Miranda Hinkley: And what do those memoirs reveal about her life?

Jacqui Ansell: Well, they reveal all sorts of salacious details I’m sure, but one of the things that amuses me is that she’s very keen to refute this idea that she ever had an affair with Collon. And her defence is that Collon as the Finance Minister wore this very formal wig. And she says ‘everybody knows how much I detest wigs!’.

And if you look at our painting she’s got the most gorgeous sort of puffed out, roughed up hair and she was famous for getting her sitters – who’d presumably spent hours and hours having their coiffeur elevated to the appropriate height and stiffened and powdered – and she’d just get them into the studio and muss up their hair to make them look natural a la Jean Jacques Rousseau. She’s very much of that era really... going into Romanticism.

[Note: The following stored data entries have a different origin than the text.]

lemma card_conflicting_assignments_path:
  assumes G: "wf_graph G" and sys: "matching_system G m X R"
    and vs: "distinct vs" "vs \<noteq> []" "path_edges vs \<subseteq> edges G"
  shows "card (conflicting_assignments (verts G) X R (path_edges vs)) * m ^ (length vs - 1) \<le> m ^ card (verts G) \<and>
         (perfect_matching_system G m X R \<longrightarrow>
          card (conflicting_assignments (verts G) X R (path_edges vs)) * m ^ (length vs - 1) = m ^ card (verts G))"
  using vs
proof (induction vs rule: rev_induct)
  case Nil
  then show ?case by simp
next
  case (snoc x vs)
  let ?B = "\<lambda>F. card (conflicting_assignments (verts G) X R F)"
  show ?case
  proof (cases "vs = []")
    case True
    then show ?thesis using card_conflicting_assignments_empty[OF G sys] by (simp add: path_edges_short)
  next
    case False
    have pe: "path_edges (vs @ [x]) = insert {last vs, x} (path_edges vs)" using path_edges_snoc[OF False] .
    have x_new: "\<forall>e\<in>path_edges vs. x \<notin> e" using snoc.prems(1) path_edges_vertex by fastforce
    have edge: "{last vs, x} \<in> edges G" "last vs \<noteq> x" using snoc.prems pe False by auto
    note leaf = card_conflicting_assignments_add_leaf[OF G sys edge x_new]
    have IH: "?B (path_edges vs) * m ^ (length vs - 1) \<le> m ^ card (verts G) \<and>
         (perfect_matching_system G m X R \<longrightarrow> ?B (path_edges vs) * m ^ (length vs - 1) = m ^ card (verts G))"
      using snoc.IH snoc.prems pe False by auto
    have "m ^ (length (vs @ [x]) - 1) = m * m ^ (length vs - 1)"
      using False by (cases vs) auto
    then have split: "?B (path_edges (vs @ [x])) * m ^ (length (vs @ [x]) - 1)
                 = ?B (insert {last vs, x} (path_edges vs)) * m * m ^ (length vs - 1)"
      using pe by simp
    have "?B (path_edges (vs @ [x])) * m ^ (length (vs @ [x]) - 1) \<le> ?B (path_edges vs) * m ^ (length vs - 1)"
      unfolding split using leaf(1) by (rule mult_right_mono) simp
    moreover have "?B (path_edges (vs @ [x])) * m ^ (length (vs @ [x]) - 1) = ?B (path_edges vs) * m ^ (length vs - 1)"
      if "perfect_matching_system G m X R"
      unfolding split leaf(2)[OF that] ..
    ultimately show ?thesis using IH by auto
  qed
qed

lemma conflicting_assignments_equal_colours_cycle_edges:
  assumes "distinct vs" "2 \<le> length vs"
  shows "conflicting_assignments V X equal_colours (cycle_edges vs)
           = conflicting_assignments V X equal_colours (path_edges vs)"
proof (intro equalityI subsetI)
  fix c assume c: "c \<in> conflicting_assignments V X equal_colours (path_edges vs)"
  have distinct_nth: "vs ! i \<noteq> vs ! j" if "i < length vs" "j < length vs" "i \<noteq> j" for i j
    using that assms(1) by (simp add: nth_eq_iff_index_eq)
  have step: "c (vs ! Suc i) = c (vs ! i)" if "Suc i < length vs" for i
    using c path_edgesI[OF that] distinct_nth[of i "Suc i"] that
    unfolding conflicting_assignments_def by (auto simp: conflicts_doubleton)
  have all_equal: "c (vs ! i) = c (vs ! 0)" if "i < length vs" for i
    using that by (induction i) (auto simp: step)
  have "vs \<noteq> []" using assms(2) by auto
  then have "c (last vs) = c (hd vs)" "last vs \<noteq> hd vs"
    using assms all_equal[of "length vs - 1"] distinct_nth[of "length vs - 1" 0]
    by (auto simp: last_conv_nth hd_conv_nth)
  then have "conflicts equal_colours c {last vs, hd vs}" by (simp add: conflicts_doubleton)
  then show "c \<in> conflicting_assignments V X equal_colours (cycle_edges vs)"
    using c cycle_edges_eq_insert_path_edges[OF assms(2)] unfolding conflicting_assignments_def by auto
qed (use path_edges_subset_cycle_edges in \<open>auto simp: conflicting_assignments_def\<close>)

text \<open>The chord from \<open>vs ! i\<close> to \<open>vs ! j\<close> closes the cycle \<open>vs ! i, \<dots>, vs ! j\<close>.\<close>

lemma chord_shortens_cycle:
  assumes vs: "distinct vs" "set vs \<subseteq> verts G" "cycle_edges vs \<subseteq> edges G"
    and ij: "i < j" "j < length vs"
    and chord: "{vs ! i, vs ! j} \<in> edges G" "{vs ! i, vs ! j} \<notin> cycle_edges vs"
  shows "\<exists>k<length vs. has_cycle G k"
proof -
  let ?ws = "drop i (take (Suc j) vs)"
  have len: "length ?ws = Suc j - i" using ij by simp
  have ends: "hd ?ws = vs ! i" "last ?ws = vs ! j" using ij by (simp_all add: hd_drop_conv_nth last_conv_nth)
  have "j \<noteq> Suc i"
    using chord path_edgesI[of i vs] path_edges_subset_cycle_edges ij by auto
  moreover have "\<not> (i = 0 \<and> Suc j = length vs)"
  proof
    assume "i = 0 \<and> Suc j = length vs"
    moreover have "vs \<noteq> []" using ij by auto
    moreover have "j = length vs - 1" using calculation(1) by linarith
    ultimately have "{vs ! i, vs ! j} = {last vs, hd vs}"
      by (simp add: last_conv_nth hd_conv_nth insert_commute)
    then show False using chord cycle_edges_eq_insert_path_edges[of vs] ij by auto
  qed
  moreover have "cycle_edges ?ws \<subseteq> edges G"
  proof -
    have "path_edges ?ws \<subseteq> cycle_edges vs"
      using path_edges_drop_subset path_edges_take_subset path_edges_subset_cycle_edges by blast
    moreover have "2 \<le> length ?ws" using len ij by simp
    ultimately show ?thesis
      using cycle_edges_eq_insert_path_edges[of ?ws] ends chord(1) vs(3) by (auto simp: insert_commute)
  qed
  moreover have "set ?ws \<subseteq> verts G"
    using vs(2) by (meson order_trans set_drop_subset set_take_subset)
  ultimately have "has_cycle G (Suc j - i)" "Suc j - i < length vs"
    using has_cycleI[of ?ws G] vs(1) len ij by auto
  then show ?thesis by blast
qed

lemma shortest_cycle_chordless:
  assumes vs: "distinct vs" "set vs \<subseteq> verts G" "cycle_edges vs \<subseteq> edges G"
    and shortest: "\<forall>k<length vs. \<not> has_cycle G k"
    and xy: "x \<in> set vs" "y \<in> set vs" "x \<noteq> y" "{x, y} \<in> edges G"
  shows "{x, y} \<in> cycle_edges vs"
proof (rule ccontr)
  assume chord: "{x, y} \<notin> cycle_edges vs"
  obtain i j where "i < length vs" "j < length vs" "x = vs ! i" "y = vs ! j" "i \<noteq> j"
    using xy by (metis in_set_conv_nth)
  then show False
    using chord_shortens_cycle[OF vs, of i j] chord_shortens_cycle[OF vs, of j i] shortest chord xy(4)
    by (cases "i < j") (auto simp: insert_commute)
qed

lemma maximal_path_exists:
  assumes G: "wf_graph G" and F: "F \<subseteq> edges G" "F \<noteq> {}"
  shows "\<exists>vs. distinct vs \<and> set vs \<subseteq> verts G \<and> 2 \<le> length vs \<and> path_edges vs \<subseteq> F \<and>
             (\<forall>w. {last vs, w} \<in> F \<longrightarrow> w \<in> set vs)"
proof -
  define is_path_length where "is_path_length = (\<lambda>k. \<exists>vs. distinct vs \<and> set vs \<subseteq> verts G \<and>
     2 \<le> length vs \<and> path_edges vs \<subseteq> F \<and> length vs = k)"
  obtain e where "e \<in> F" using F(2) by blast
  then obtain u v where uv: "u \<noteq> v" "{u, v} \<in> F" "u \<in> verts G" "v \<in> verts G"
    using F(1) G by (metis subsetD wf_graph_edgeE)
  have "path_edges [u, v] = {{u, v}}" unfolding path_edges_def by auto
  then have "is_path_length 2" unfolding is_path_length_def using uv by (intro exI[of _ "[u, v]"]) auto
  moreover have "k \<le> card (verts G)" if k: "is_path_length k" for k
  proof -
    obtain vs where "distinct vs" "set vs \<subseteq> verts G" "length vs = k"
      using k unfolding is_path_length_def by blast
    then show ?thesis using card_mono[OF wf_graph_finite_verts[OF G], of "set vs"] by (simp add: distinct_card)
  qed
  ultimately obtain k where "is_path_length k" and longest: "\<forall>k'. is_path_length k' \<longrightarrow> k' \<le> k"
    using Nat.ex_has_greatest_nat[of is_path_length 2 "card (verts G)"] by blast
  then obtain vs where vs: "distinct vs" "set vs \<subseteq> verts G" "2 \<le> length vs" "path_edges vs \<subseteq> F"
    "length vs = k" unfolding is_path_length_def by blast
  have "w \<in> set vs" if w: "{last vs, w} \<in> F" for w
  proof (rule ccontr)
    assume new: "w \<notin> set vs"
    have "vs \<noteq> []" using vs(3) by auto
    then have "path_edges (vs @ [w]) \<subseteq> F" using path_edges_snoc[of vs w] vs(4) w by simp
    moreover have "w \<in> verts G" using wf_graph_edge_subset[OF G] w F(1) by blast
    ultimately have "is_path_length (length (vs @ [w]))"
      unfolding is_path_length_def using vs new by (intro exI[of _ "vs @ [w]"]) simp
    then show False using longest vs(5) by fastforce
  qed
  then show ?thesis using vs by blast
qed

text \<open>Follow a maximal path in \<open>F\<close>; the last vertex has a second \<open>F\<close>-edge, which must lead back
  into the path and closes a cycle.\<close>

lemma cycle_in_edge_set_without_leaves:
  assumes G: "wf_graph G" and F: "F \<subseteq> edges G" "F \<noteq> {}"
    and no_leaf: "\<forall>e\<in>F. \<forall>v\<in>e. \<exists>e'\<in>F. v \<in> e' \<and> e' \<noteq> e"
  shows "\<exists>vs. distinct vs \<and> set vs \<subseteq> verts G \<and> 3 \<le> length vs \<and> cycle_edges vs \<subseteq> F"
proof -
  obtain vs where vs: "distinct vs" "set vs \<subseteq> verts G" "2 \<le> length vs" "path_edges vs \<subseteq> F"
    and maximal: "\<forall>w. {last vs, w} \<in> F \<longrightarrow> w \<in> set vs"
    using maximal_path_exists[OF G F] by blast
  let ?k = "length vs"
  define p where "p = vs ! (?k - 2)"
  have "vs \<noteq> []" using vs(3) by auto
  then have last: "last vs = vs ! (?k - 1)" by (simp add: last_conv_nth)
  have "{p, last vs} \<in> path_edges vs"
    using path_edgesI[of "?k - 2" vs] vs(3) unfolding p_def last by (simp add: Suc_diff_Suc numeral_2_eq_2)
  then have pF: "{p, last vs} \<in> F" using vs(4) by blast
  then obtain e' where e': "e' \<in> F" "last vs \<in> e'" "e' \<noteq> {p, last vs}" using no_leaf by blast
  have "e' \<in> edges G" using F(1) e'(1) by blast
  then obtain w where w: "e' = {last vs, w}" "w \<noteq> last vs"
    by (rule wf_graph_edge_other_end[OF G _ e'(2)])
  have "w \<in> set vs" using maximal e'(1) w(1) by blast
  then obtain i where i: "i < ?k" "w = vs ! i" by (auto simp: in_set_conv_nth)
  have "i \<noteq> ?k - 1" "i \<noteq> ?k - 2" using w e'(3) i(2) unfolding last p_def by auto
  then have i_small: "i + 2 < ?k" using i(1) by linarith
  let ?ws = "drop i vs"
  have "hd ?ws = w" "last ?ws = last vs" "2 \<le> length ?ws" using i i_small by (auto simp: hd_drop_conv_nth)
  then have "cycle_edges ?ws = insert {last vs, w} (path_edges ?ws)"
    using cycle_edges_eq_insert_path_edges[of ?ws] by simp
  then have "cycle_edges ?ws \<subseteq> F" using path_edges_drop_subset[of i vs] vs(4) e'(1) w(1) by auto
  moreover have "set ?ws \<subseteq> verts G" using vs(2) set_drop_subset by fast
  ultimately show ?thesis using vs(1) i_small by (intro exI[of _ ?ws]) auto
qed

section \<open>Counting conflicts on an edge set\<close>

text \<open>A bound \<open>N \<le> m ^ (n - k)\<close> is stated as \<open>N * m ^ k \<le> m ^ n\<close>, which avoids truncated
  subtraction in the exponent.\<close>

definition conflict_bound :: "'a graph \<Rightarrow> nat \<Rightarrow> nat \<Rightarrow> 'a set set \<Rightarrow> bool" where
  "conflict_bound G m k F \<longleftrightarrow> (\<forall>X R. matching_system G m X R \<longrightarrow>
     card (conflicting_assignments (verts G) X R F) * m ^ k \<le> m ^ card (verts G))"

definition exact_conflict_count :: "'a graph \<Rightarrow> nat \<Rightarrow> 'a set set \<Rightarrow> bool" where
  "exact_conflict_count G m F \<longleftrightarrow> (\<forall>X R. perfect_matching_system G m X R \<longrightarrow>
     card (conflicting_assignments (verts G) X R F) * m ^ card F = m ^ card (verts G))"

definition girth_cycle_count :: "'a graph \<Rightarrow> nat \<Rightarrow> nat \<Rightarrow> 'a set set \<Rightarrow> bool" where
  "girth_cycle_count G m g F \<longleftrightarrow> card F = g \<and> conflict_bound G m (g - 1) F \<and>
     card (conflicting_assignments (verts G) (\<lambda>_. {1..m}) equal_colours F) * m ^ (g - 1) = m ^ card (verts G)"

lemma conflict_bound_antimono:
  "wf_graph G \<Longrightarrow> F' \<subseteq> F \<Longrightarrow> conflict_bound G m k F' \<Longrightarrow> conflict_bound G m k F"
  unfolding conflict_bound_def
  by (meson card_conflicting_assignments_antimono le_trans mult_le_mono1)

lemma conflict_bound_weaken:
  "1 \<le> m \<Longrightarrow> k' \<le> k \<Longrightarrow> conflict_bound G m k F \<Longrightarrow> conflict_bound G m k' F"
  unfolding conflict_bound_def by (meson le_trans mult_le_mono2 power_increasing)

Miranda Hinkley: So we’ve got the painter as stylist as well as artist...

Jacqui Ansell: Yes and she’s very stylish in this painting, isn’t she – the most fashionable dress possible. But some very cruel critics looked at this painting – this ultimate evocation of youthful artist and said of her...in French, so it rhymed, which I can’t do – there’s only one problem with this painting – the painting is beautiful, but Lizette is ugly. It does seem you couldn’t really win – you know, there she is, she’s got to emphasise her youth and beauty to get success in some quarters, but if she gilds the lily too much, then of course she’s giving in to that terrible female vice of vanity.

But it’s fascinating that the feminist art-historians, having first posed the question in the 1970s – why were there no great women artists? – they don’t just then come and say ‘well, here’s a great artist, by anyone’s concerns, a great artist’... they then come along criticising her for pandering to male expectations of femininity because she has these red lips parted. To which I’d probably reply – well, lips aren’t just for kissing. And to my mind her parted lips and her extended hand are an invitation to talk and to tell us that she’s more than a pretty face. And of course she was always accused of not painting her pictures herself... if you look at the colours of the flowers on the hat... then look at her paint palette... then look at the colours on her brushes – and it’s as though she’s saying to her critics: ‘who did this painting? I did this painting. And I’ve just finished it.’

Miranda Hinkley (in the studio): Thanks to Jacqui Ansell. If you’d like your own audience with Elizabeth Vigée Le Brun, her 'Self-Portrait in a Straw Hat' is on display in Room 33. Or you can also take a closer look at the painting – along with all the other works in the permanent collection – online at www.nationalgallery.org.uk.